WHAT YOU HAVE TO DO: Scan the entries below and report only how many lines contain "longlongrightarrow".
*** DATA FOR ANALYSIS ***
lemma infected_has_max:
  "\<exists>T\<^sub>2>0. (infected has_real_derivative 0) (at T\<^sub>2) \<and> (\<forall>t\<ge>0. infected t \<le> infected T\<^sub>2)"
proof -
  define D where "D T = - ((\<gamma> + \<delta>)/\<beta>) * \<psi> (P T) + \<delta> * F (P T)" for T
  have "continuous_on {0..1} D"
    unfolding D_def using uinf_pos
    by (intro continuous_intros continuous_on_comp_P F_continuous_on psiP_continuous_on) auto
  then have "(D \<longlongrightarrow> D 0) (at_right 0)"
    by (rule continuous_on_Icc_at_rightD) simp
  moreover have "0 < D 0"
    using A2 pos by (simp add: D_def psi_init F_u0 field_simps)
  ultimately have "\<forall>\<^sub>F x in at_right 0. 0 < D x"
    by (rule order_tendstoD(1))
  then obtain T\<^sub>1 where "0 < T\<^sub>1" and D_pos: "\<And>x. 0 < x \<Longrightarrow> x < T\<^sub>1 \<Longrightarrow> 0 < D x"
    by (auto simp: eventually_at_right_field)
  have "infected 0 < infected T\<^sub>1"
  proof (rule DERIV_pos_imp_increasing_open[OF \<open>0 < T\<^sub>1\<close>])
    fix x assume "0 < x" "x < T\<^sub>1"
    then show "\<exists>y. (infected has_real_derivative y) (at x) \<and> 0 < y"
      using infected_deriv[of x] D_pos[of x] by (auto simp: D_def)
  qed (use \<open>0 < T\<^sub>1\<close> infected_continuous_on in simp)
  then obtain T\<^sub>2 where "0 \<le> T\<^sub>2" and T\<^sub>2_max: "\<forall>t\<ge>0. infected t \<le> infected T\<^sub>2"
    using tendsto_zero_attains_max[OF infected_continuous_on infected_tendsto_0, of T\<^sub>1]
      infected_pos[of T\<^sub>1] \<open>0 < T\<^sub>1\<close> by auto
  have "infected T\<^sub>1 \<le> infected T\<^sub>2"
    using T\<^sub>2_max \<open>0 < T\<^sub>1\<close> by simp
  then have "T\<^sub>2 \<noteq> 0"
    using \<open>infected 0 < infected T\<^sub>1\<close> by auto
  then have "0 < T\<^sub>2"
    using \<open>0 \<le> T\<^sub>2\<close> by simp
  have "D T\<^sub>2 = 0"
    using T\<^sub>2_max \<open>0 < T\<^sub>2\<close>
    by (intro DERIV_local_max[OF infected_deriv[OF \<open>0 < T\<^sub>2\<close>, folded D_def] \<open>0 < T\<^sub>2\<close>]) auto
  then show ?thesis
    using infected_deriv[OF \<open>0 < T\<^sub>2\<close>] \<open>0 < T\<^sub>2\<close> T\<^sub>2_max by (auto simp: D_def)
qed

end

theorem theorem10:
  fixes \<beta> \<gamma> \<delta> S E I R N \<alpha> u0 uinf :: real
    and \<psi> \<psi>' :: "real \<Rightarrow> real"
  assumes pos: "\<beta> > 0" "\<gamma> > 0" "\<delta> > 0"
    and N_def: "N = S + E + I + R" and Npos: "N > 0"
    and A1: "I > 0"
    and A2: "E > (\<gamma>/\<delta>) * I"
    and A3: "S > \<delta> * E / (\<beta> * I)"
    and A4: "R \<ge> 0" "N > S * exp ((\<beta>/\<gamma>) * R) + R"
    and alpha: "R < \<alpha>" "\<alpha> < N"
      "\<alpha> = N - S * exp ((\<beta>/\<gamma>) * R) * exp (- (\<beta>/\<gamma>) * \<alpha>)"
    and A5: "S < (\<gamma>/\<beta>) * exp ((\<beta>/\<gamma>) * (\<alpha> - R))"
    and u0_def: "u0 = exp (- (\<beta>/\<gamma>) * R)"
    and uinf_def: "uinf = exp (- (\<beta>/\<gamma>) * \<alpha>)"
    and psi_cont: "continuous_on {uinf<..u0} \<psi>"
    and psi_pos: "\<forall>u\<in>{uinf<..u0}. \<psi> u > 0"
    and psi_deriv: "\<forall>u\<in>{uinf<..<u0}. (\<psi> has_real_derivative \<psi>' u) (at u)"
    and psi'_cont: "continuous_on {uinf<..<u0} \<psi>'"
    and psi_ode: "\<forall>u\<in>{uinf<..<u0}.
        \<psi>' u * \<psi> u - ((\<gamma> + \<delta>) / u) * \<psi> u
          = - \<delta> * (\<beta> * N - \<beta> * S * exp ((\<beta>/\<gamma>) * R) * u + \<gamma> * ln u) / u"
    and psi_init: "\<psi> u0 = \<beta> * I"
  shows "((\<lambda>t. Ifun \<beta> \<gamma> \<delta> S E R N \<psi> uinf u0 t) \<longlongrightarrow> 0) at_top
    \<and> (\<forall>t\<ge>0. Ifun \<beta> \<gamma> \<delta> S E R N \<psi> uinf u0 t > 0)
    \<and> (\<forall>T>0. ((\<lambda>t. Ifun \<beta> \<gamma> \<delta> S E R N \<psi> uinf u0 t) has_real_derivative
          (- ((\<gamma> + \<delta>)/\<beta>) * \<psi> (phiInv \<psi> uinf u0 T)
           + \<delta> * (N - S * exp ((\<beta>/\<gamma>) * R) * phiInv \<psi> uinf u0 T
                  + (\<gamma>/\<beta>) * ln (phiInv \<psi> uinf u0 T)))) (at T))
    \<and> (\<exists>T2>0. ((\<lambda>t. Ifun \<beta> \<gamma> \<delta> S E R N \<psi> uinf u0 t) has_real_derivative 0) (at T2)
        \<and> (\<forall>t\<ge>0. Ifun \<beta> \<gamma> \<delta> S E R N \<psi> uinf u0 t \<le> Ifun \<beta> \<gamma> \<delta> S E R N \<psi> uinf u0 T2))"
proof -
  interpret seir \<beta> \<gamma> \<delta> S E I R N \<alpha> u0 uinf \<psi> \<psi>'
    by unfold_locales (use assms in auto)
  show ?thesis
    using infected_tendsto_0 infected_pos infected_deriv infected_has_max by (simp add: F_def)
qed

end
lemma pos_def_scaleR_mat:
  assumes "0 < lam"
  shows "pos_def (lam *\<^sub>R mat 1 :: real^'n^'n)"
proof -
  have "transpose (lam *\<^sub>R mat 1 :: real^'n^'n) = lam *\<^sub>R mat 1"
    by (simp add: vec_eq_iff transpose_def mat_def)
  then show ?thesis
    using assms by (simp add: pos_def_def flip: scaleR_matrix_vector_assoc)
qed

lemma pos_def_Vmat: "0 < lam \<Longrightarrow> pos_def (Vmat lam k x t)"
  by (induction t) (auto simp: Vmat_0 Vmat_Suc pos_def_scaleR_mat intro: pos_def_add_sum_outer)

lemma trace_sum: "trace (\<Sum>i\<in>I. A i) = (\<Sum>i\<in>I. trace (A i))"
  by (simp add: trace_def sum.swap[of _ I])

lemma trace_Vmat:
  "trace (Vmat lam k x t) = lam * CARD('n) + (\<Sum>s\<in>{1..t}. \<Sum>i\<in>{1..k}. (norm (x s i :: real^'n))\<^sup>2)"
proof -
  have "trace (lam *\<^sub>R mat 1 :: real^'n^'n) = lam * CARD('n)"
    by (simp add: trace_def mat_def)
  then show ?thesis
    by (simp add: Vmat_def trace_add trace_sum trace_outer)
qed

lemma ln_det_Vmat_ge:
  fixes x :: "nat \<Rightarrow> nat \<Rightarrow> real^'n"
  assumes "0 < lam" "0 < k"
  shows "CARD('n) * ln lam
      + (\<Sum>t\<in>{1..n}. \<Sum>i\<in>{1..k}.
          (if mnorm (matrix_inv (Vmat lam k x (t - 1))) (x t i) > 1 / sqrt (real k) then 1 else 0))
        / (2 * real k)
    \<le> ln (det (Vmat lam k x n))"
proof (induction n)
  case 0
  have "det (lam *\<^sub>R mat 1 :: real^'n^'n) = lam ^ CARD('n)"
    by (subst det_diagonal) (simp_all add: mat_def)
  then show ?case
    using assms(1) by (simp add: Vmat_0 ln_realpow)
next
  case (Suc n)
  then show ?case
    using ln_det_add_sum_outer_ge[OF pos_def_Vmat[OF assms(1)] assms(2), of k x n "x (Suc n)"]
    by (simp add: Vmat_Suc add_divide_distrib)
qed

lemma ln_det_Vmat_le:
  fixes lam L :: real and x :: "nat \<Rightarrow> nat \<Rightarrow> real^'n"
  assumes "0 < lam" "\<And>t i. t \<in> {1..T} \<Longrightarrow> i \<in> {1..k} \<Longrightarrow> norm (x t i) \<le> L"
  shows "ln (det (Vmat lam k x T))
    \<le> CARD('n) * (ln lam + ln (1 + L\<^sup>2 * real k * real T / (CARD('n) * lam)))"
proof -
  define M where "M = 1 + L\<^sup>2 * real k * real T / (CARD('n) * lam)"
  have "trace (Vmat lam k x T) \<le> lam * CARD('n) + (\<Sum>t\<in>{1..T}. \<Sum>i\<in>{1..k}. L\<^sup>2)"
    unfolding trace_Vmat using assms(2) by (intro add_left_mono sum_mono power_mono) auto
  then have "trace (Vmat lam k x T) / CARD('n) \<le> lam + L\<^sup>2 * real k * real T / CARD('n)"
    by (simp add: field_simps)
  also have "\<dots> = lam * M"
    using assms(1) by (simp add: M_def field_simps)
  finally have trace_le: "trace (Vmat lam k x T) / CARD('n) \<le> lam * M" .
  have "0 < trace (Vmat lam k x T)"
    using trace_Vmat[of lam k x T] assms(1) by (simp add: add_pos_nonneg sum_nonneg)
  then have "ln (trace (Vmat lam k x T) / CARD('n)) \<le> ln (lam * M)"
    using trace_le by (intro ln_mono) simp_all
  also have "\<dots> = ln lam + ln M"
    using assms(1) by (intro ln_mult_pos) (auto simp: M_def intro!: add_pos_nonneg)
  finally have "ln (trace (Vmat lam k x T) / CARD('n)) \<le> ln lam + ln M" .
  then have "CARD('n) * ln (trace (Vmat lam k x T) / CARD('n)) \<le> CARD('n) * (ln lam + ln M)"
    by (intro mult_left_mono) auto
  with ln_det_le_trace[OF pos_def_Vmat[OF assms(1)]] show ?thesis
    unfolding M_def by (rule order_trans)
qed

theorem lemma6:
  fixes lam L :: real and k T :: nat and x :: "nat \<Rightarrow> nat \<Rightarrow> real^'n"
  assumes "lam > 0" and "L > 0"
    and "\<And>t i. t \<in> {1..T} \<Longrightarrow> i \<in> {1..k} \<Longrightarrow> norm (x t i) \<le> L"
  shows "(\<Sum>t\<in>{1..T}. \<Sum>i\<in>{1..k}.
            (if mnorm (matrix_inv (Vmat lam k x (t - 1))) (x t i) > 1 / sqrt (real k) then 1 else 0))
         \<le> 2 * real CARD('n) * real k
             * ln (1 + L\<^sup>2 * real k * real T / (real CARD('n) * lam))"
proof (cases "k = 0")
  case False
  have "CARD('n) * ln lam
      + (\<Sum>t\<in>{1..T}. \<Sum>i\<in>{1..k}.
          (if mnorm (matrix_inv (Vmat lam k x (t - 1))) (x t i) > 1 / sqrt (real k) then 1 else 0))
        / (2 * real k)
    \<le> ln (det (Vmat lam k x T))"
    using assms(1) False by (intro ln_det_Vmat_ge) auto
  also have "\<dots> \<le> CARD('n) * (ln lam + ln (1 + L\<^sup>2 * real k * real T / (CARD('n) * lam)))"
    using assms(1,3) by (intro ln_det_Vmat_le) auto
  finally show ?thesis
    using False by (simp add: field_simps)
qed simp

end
*** End of DATA FOR ANALYSIS ***
TASK ANSWER: 2